The smell of freshly cooked foods greeted us as we arrived at Mary’s Center for Maternal and Child Care in Washington, D.C. The press conference was preceded by an informal breakfast with a Mary’s Center nutritionist, families and young women, where chefs provided cooking demonstrations. The menus featured nutritious, visually appealing and delicious WIC-approved foods. I saw firsthand the critical role our Special Supplemental Nutrition Program for Women, Infants, and Children (WIC) plays in improving nutritional assistance for pregnant women and young children. The foods reflected recent changes to the food packages, making them healthier and culturally relevant to our participants.

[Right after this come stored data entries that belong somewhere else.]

(* For every $n\times r$ basis matrix $P$ and every positive integer $s$, $\delta_s(I-PP')=\kappa_s^2(P)$.
   Context: A basis matrix is a real matrix $P$ with $P'P=I$. For $T\subseteq\{1,\dots,n\}$, $I_T$ is the submatrix of the $n\times n$ identity with columns in $T$, and $\Psi_T:=\Psi I_T$. The $s$-restricted isometry constant $\delta_s(\Psi)$ of an $n\times m$ matrix $\Psi$ is the smallest real number such that $(1-\delta_s)\|x\|_2^2\le\|\Psi_Tx\|_2^2\le(1+\delta_s)\|x\|_2^2$ for all $T$ with $|T|\le s$ and all $x\in\mathbb R^{|T|}$. The denseness coefficient is $\kappa_s(B):=\max_{|T|\le s}\|I_T'\,\mathrm{basis}(B)\|_2$, where $\mathrm{basis}(B)$ is a basis matrix with the same column span as $B$; for a basis matrix $P$, $\kappa_s(P)=\max_{|T|\le s}\|I_T'P\|_2$. *)

theory Defs
  imports "HOL-Analysis.Analysis"
begin

definition basis_matrix :: "real^'r^'n \<Rightarrow> bool" where
  "basis_matrix P \<longleftrightarrow> transpose P ** P = mat 1"

text \<open>I_T' v : the entries of v indexed by T. We keep it as a vector of the ambient
  dimension with the entries outside T set to zero (same Euclidean norm).\<close>
definition restr :: "'n set \<Rightarrow> real^'n \<Rightarrow> real^'n" where
  "restr T v = (\<chi> i. if i \<in> T then v $ i else 0)"

text \<open>s-restricted isometry constant. Psi_T x with x in R^|T| equals Psi *v (I_T x), and
  I_T x ranges exactly over the vectors supported in T, with the same norm.\<close>
definition ric :: "nat \<Rightarrow> real^'m^'n \<Rightarrow> real" where
  "ric s \<Psi> = (LEAST \<delta>. \<forall>T::'m set. card T \<le> s \<longrightarrow>
      (\<forall>x::real^'m. (\<forall>i. i \<notin> T \<longrightarrow> x $ i = 0) \<longrightarrow>
         (1 - \<delta>) * (norm x)^2 \<le> (norm (\<Psi> *v x))^2 \<and>
         (norm (\<Psi> *v x))^2 \<le> (1 + \<delta>) * (norm x)^2))"

definition kappa :: "nat \<Rightarrow> real^'r^'n \<Rightarrow> real" where
  "kappa s P = Max {onorm (\<lambda>x. restr T (P *v x)) | T::'n set. card T \<le> s}"

end

theory Submission
  imports Defs
begin

text \<open>For a basis matrix \<open>P\<close> the matrix \<open>I - PP'\<close> is the orthogonal projection onto the
  complement of the column span of \<open>P\<close>, so \<open>\<parallel>(I - PP')x\<parallel>\<^sup>2 = \<parallel>x\<parallel>\<^sup>2 - \<parallel>P'x\<parallel>\<^sup>2\<close>. The upper
  isometry inequality is therefore free, and the lower one for \<open>x\<close> supported in \<open>T\<close> says
  \<open>\<parallel>P'x\<parallel> \<le> \<surd>\<delta> \<parallel>x\<parallel>\<close>, i.e. that the adjoint \<open>P' I\<^sub>T\<close> of \<open>I\<^sub>T' P\<close> has norm at most \<open>\<surd>\<delta>\<close>.
  An operator and its adjoint have the same norm, so the least admissible \<open>\<delta>\<close> is
  \<open>max\<^sub>|\<^sub>T\<^sub>|\<^sub>\<le>\<^sub>s \<parallel>I\<^sub>T' P\<parallel>\<^sup>2 = \<kappa>\<^sub>s(P)\<^sup>2\<close>; \<open>s > 0\<close> is needed to see that this \<open>\<delta>\<close> cannot be negative.\<close>

declare transpose_matrix_vector [simp del]

abbreviation supported_in :: "'n set \<Rightarrow> 'a::zero^'n \<Rightarrow> bool" where
  "supported_in T x \<equiv> \<forall>i. i \<notin> T \<longrightarrow> x $ i = 0"

definition restricted_isometry :: "nat \<Rightarrow> real^'m^'n \<Rightarrow> real \<Rightarrow> bool" where
  "restricted_isometry s \<Psi> \<delta> \<longleftrightarrow> (\<forall>T::'m set. card T \<le> s \<longrightarrow>
      (\<forall>x. supported_in T x \<longrightarrow>
         (1 - \<delta>) * (norm x)^2 \<le> (norm (\<Psi> *v x))^2 \<and>
         (norm (\<Psi> *v x))^2 \<le> (1 + \<delta>) * (norm x)^2))"

lemma ric_eq_Least: "ric s \<Psi> = (LEAST \<delta>. restricted_isometry s \<Psi> \<delta>)"
  by (simp add: ric_def restricted_isometry_def)

lemma restricted_isometry_nonneg:
  fixes \<Psi> :: "real^'m^'n"
  assumes "restricted_isometry s \<Psi> \<delta>" and "0 < s"
  shows "0 \<le> \<delta>"
proof -
  obtain i :: 'm where "i \<in> UNIV" by blast
  have "supported_in {i} (axis i (1::real))"
    by (simp add: axis_def)
  then have "1 - \<delta> \<le> 1 + \<delta>"
    using assms unfolding restricted_isometry_def by (force simp: norm_axis_1)
  then show ?thesis by simp
qed

lemma inner_matrix_vector_transpose:
  "inner ((A::real^'m^'n) *v x) y = inner x (transpose A *v y)"
  by (metis dot_lmul_matrix inner_commute transpose_matrix_vector)

lemma norm_adjoint_le:
  fixes f :: "'a::real_inner \<Rightarrow> 'b::real_inner"
  assumes adjoint: "\<And>x y. inner (f x) y = inner x (g y)"
    and bound: "\<And>x. norm (f x) \<le> c * norm x" and "0 \<le> c"
  shows "norm (g y) \<le> c * norm y"
proof -
  have "norm (g y) * norm (g y) = inner (f (g y)) y"
    by (simp add: adjoint power2_norm_eq_inner[symmetric] power2_eq_square)
  also have "\<dots> \<le> norm (f (g y)) * norm y"
    by (rule norm_cauchy_schwarz)
  also have "\<dots> \<le> norm (g y) * (c * norm y)"
    using mult_right_mono[OF bound norm_ge_zero] by (simp add: algebra_simps)
  finally show ?thesis
    using \<open>0 \<le> c\<close> by (cases "g y = 0") auto
qed

lemma inner_restr_left: "inner (restr T u) v = inner u (restr T v)"
  unfolding restr_def inner_vec_def by (auto intro!: sum.cong)

lemma restr_eq_self: "supported_in T x \<Longrightarrow> restr T x = x"
  unfolding restr_def by (auto simp: vec_eq_iff)

lemma supported_in_restr: "supported_in T (restr T x)"
  by (simp add: restr_def)

lemma norm_restr_le: "norm (restr T (x::real^'n)) \<le> norm x"
  unfolding norm_vec_def restr_def by (auto intro!: L2_set_mono)

lemma bounded_linear_restr_matrix_vector:
  "bounded_linear (\<lambda>x. restr T ((P::real^'r^'n) *v x))"
proof -
  have "linear (\<lambda>x. restr T (P *v x))"
    by (rule linearI) (auto simp: restr_def vec_eq_iff matrix_vector_mult_def
        sum_distrib_left algebra_simps sum.distrib)
  then show ?thesis
    by (simp add: linear_conv_bounded_linear)
qed

text \<open>The adjoint of \<open>y \<mapsto> I\<^sub>T' P y\<close> is \<open>x \<mapsto> P' I\<^sub>T x\<close>, which agrees with \<open>P'\<close> on vectors
  supported in \<open>T\<close> and does not increase the norm of the others.\<close>

lemma onorm_restr_matrix_le_iff:
  fixes P :: "real^'r^'n"
  assumes "0 \<le> c"
  shows "onorm (\<lambda>y. restr T (P *v y)) \<le> c \<longleftrightarrow>
    (\<forall>x. supported_in T x \<longrightarrow> norm (transpose P *v x) \<le> c * norm x)"
proof -
  have adjoint: "inner (restr T (P *v y)) x = inner y (transpose P *v restr T x)" for x y
    by (simp only: inner_restr_left inner_matrix_vector_transpose)
  show ?thesis
  proof
    assume "onorm (\<lambda>y. restr T (P *v y)) \<le> c"
    then have bound: "norm (restr T (P *v y)) \<le> c * norm y" for y
      using onorm[OF bounded_linear_restr_matrix_vector, of T P y]
      by (meson mult_right_mono norm_ge_zero order_trans)
    have "norm (transpose P *v restr T x) \<le> c * norm x" for x
      by (rule norm_adjoint_le[OF adjoint bound \<open>0 \<le> c\<close>])
    then show "\<forall>x. supported_in T x \<longrightarrow> norm (transpose P *v x) \<le> c * norm x"
      by (metis restr_eq_self)
  next
    assume transpose_bound: "\<forall>x. supported_in T x \<longrightarrow> norm (transpose P *v x) \<le> c * norm x"
    have "norm (transpose P *v restr T x) \<le> c * norm x" for x
    proof -
      have "norm (transpose P *v restr T x) \<le> c * norm (restr T x)"
        using transpose_bound supported_in_restr by blast
      also have "\<dots> \<le> c * norm x"
        by (rule mult_left_mono[OF norm_restr_le \<open>0 \<le> c\<close>])
      finally show ?thesis .
    qed
    then have "norm (restr T (P *v y)) \<le> c * norm y" for y
      using adjoint \<open>0 \<le> c\<close> by (intro norm_adjoint_le[where f = "\<lambda>x. transpose P *v restr T x"])
        (auto simp: inner_commute)
    then show "onorm (\<lambda>y. restr T (P *v y)) \<le> c"
      by (rule onorm_le)
  qed
qed

lemma norm_projection_complement_squared:
  assumes "basis_matrix P"
  shows "(norm ((mat 1 - P ** transpose P) *v x))^2 = (norm x)^2 - (norm (transpose P *v x))^2"
proof -
  define y where "y = transpose P *v x"
  have projection: "(mat 1 - P ** transpose P) *v x = x - P *v y"
    unfolding y_def by (simp add: matrix_vector_mult_diff_rdistrib matrix_vector_mul_assoc)
  have "inner (P *v y) (P *v y) = inner y ((transpose P ** P) *v y)"
    by (simp only: inner_matrix_vector_transpose matrix_vector_mul_assoc)
  then have isometry: "inner (P *v y) (P *v y) = inner y y"
    using assms by (simp add: basis_matrix_def)
  have "inner x (P *v y) = inner y y"
    by (simp add: inner_commute inner_matrix_vector_transpose y_def)
  then show ?thesis
    unfolding projection power2_norm_eq_inner y_def[symmetric] using isometry
    by (simp add: inner_diff_left inner_diff_right inner_commute)
qed

lemma kappa_le_iff:
  fixes P :: "real^'r^'n"
  shows "kappa s P \<le> c \<longleftrightarrow> (\<forall>T::'n set. card T \<le> s \<longrightarrow> onorm (\<lambda>y. restr T (P *v y)) \<le> c)"
proof -
  have "finite {onorm (\<lambda>y. restr T (P *v y)) | T::'n set. card T \<le> s}"
    by (rule finite_subset[of _ "range (\<lambda>T. onorm (\<lambda>y. restr T (P *v y)))"]) auto
  moreover have "onorm (\<lambda>y. restr {} (P *v y)) \<in> {onorm (\<lambda>y. restr T (P *v y)) | T::'n set. card T \<le> s}"
    by auto
  ultimately show ?thesis
    unfolding kappa_def by (subst Max_le_iff) auto
qed

lemma kappa_nonneg:
  fixes P :: "real^'r^'n"
  shows "0 \<le> kappa s P"
proof -
  have "0 \<le> onorm (\<lambda>y. restr {} (P *v y))"
    by (rule onorm_pos_le[OF bounded_linear_restr_matrix_vector])
  also have "\<dots> \<le> kappa s P"
    using kappa_le_iff[of s P "kappa s P"] by simp
  finally show ?thesis .
qed

lemma kappa_squared_le_iff:
  fixes P :: "real^'r^'n"
  assumes "0 \<le> \<delta>"
  shows "(kappa s P)^2 \<le> \<delta> \<longleftrightarrow> (\<forall>T x. card T \<le> s \<longrightarrow> supported_in T x \<longrightarrow>
      (norm (transpose P *v x))^2 \<le> \<delta> * (norm x)^2)"
proof -
  have square_le_iff: "a^2 \<le> \<delta> * b^2 \<longleftrightarrow> a \<le> sqrt \<delta> * b" if "0 \<le> a" "0 \<le> b" for a b :: real
    using that assms by (metis abs_le_square_iff abs_of_nonneg mult_nonneg_nonneg
        power_mult_distrib real_sqrt_ge_zero real_sqrt_pow2)
  have "(kappa s P)^2 \<le> \<delta> \<longleftrightarrow> kappa s P \<le> sqrt \<delta>"
    using square_le_iff[of "kappa s P" 1] kappa_nonneg[of s P] by simp
  also have "\<dots> \<longleftrightarrow> (\<forall>T x. card T \<le> s \<longrightarrow> supported_in T x \<longrightarrow>
      norm (transpose P *v x) \<le> sqrt \<delta> * norm x)"
    by (simp add: kappa_le_iff onorm_restr_matrix_le_iff assms)
  finally show ?thesis
    by (simp add: square_le_iff)
qed

lemma restricted_isometry_projection_complement_iff:
  fixes P :: "real^'r^'n"
  assumes P: "basis_matrix P" and "0 < s"
  shows "restricted_isometry s (mat 1 - P ** transpose P) \<delta> \<longleftrightarrow> (kappa s P)^2 \<le> \<delta>"
proof -
  let ?M = "mat 1 - P ** transpose P"
  have lower_iff: "(1 - \<delta>) * (norm x)^2 \<le> (norm (?M *v x))^2 \<longleftrightarrow>
      (norm (transpose P *v x))^2 \<le> \<delta> * (norm x)^2" for x :: "real^'n"
    by (simp add: norm_projection_complement_squared[OF P] left_diff_distrib)
  have upper: "(norm (?M *v x))^2 \<le> (1 + \<delta>) * (norm x)^2" if "0 \<le> \<delta>" for x :: "real^'n"
    using that by (simp add: norm_projection_complement_squared[OF P] distrib_right)
      (smt (verit) mult_nonneg_nonneg zero_le_power2)
  show ?thesis
  proof
    assume isometry: "restricted_isometry s ?M \<delta>"
    then have "0 \<le> \<delta>"
      using \<open>0 < s\<close> by (rule restricted_isometry_nonneg)
    moreover have "\<forall>T x. card T \<le> s \<longrightarrow> supported_in T x \<longrightarrow>
        (norm (transpose P *v x))^2 \<le> \<delta> * (norm x)^2"
      using isometry lower_iff unfolding restricted_isometry_def by blast
    ultimately show "(kappa s P)^2 \<le> \<delta>"
      by (simp add: kappa_squared_le_iff)
  next
    assume kappa_le: "(kappa s P)^2 \<le> \<delta>"
    then have "0 \<le> \<delta>"
      using zero_le_power2 order_trans by blast
    with kappa_le show "restricted_isometry s ?M \<delta>"
      unfolding restricted_isometry_def by (simp add: kappa_squared_le_iff lower_iff upper)
  qed
qed

theorem lemma4:
  fixes P :: "real^'r^'n" and s :: nat
  assumes "basis_matrix P" and "0 < s"
  shows "ric s (mat 1 - P ** transpose P) = (kappa s P)^2"
  unfolding ric_eq_Least restricted_isometry_projection_complement_iff[OF assms]
  by (rule Least_equality) auto

end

The breakfast helped set the stage for the messages delivered by the speakers, each of whom talked about the connection between child nutrition, children’s health outcomes and future achievement. As I looked around the Center, I couldn’t help but be encouraged by the hard work and dedication of this important community partner providing such a wide range of services to the community. In other words, it’s a program that does a lot for the health of their community.
While at the Center, I had the chance to speak about the administration’s strong commitment to nutrition assistance as an essential support for low-income families. My focus was clear: the administration remains strongly committed to nutrition assistance as an essential support for families. And we know that in order to end hunger we have to improve access to our programs and remove barriers that prevent people from participating. We’ve made great strides in achieving our goal but we must continue to work on new and creative approaches to getting more Hispanic households participating in our programs.
I was reminded of the power of our programs as I listened to Brenda Alvarado’s story—a 17-year-old who had been a WIC baby and continues to participate in health and nutrition counseling programs provided at Mary’s Center. Her message about how much these programs have meant to her and her family resonated with everyone in the room. Brenda’s story epitomizes how our programs have the power to change lives.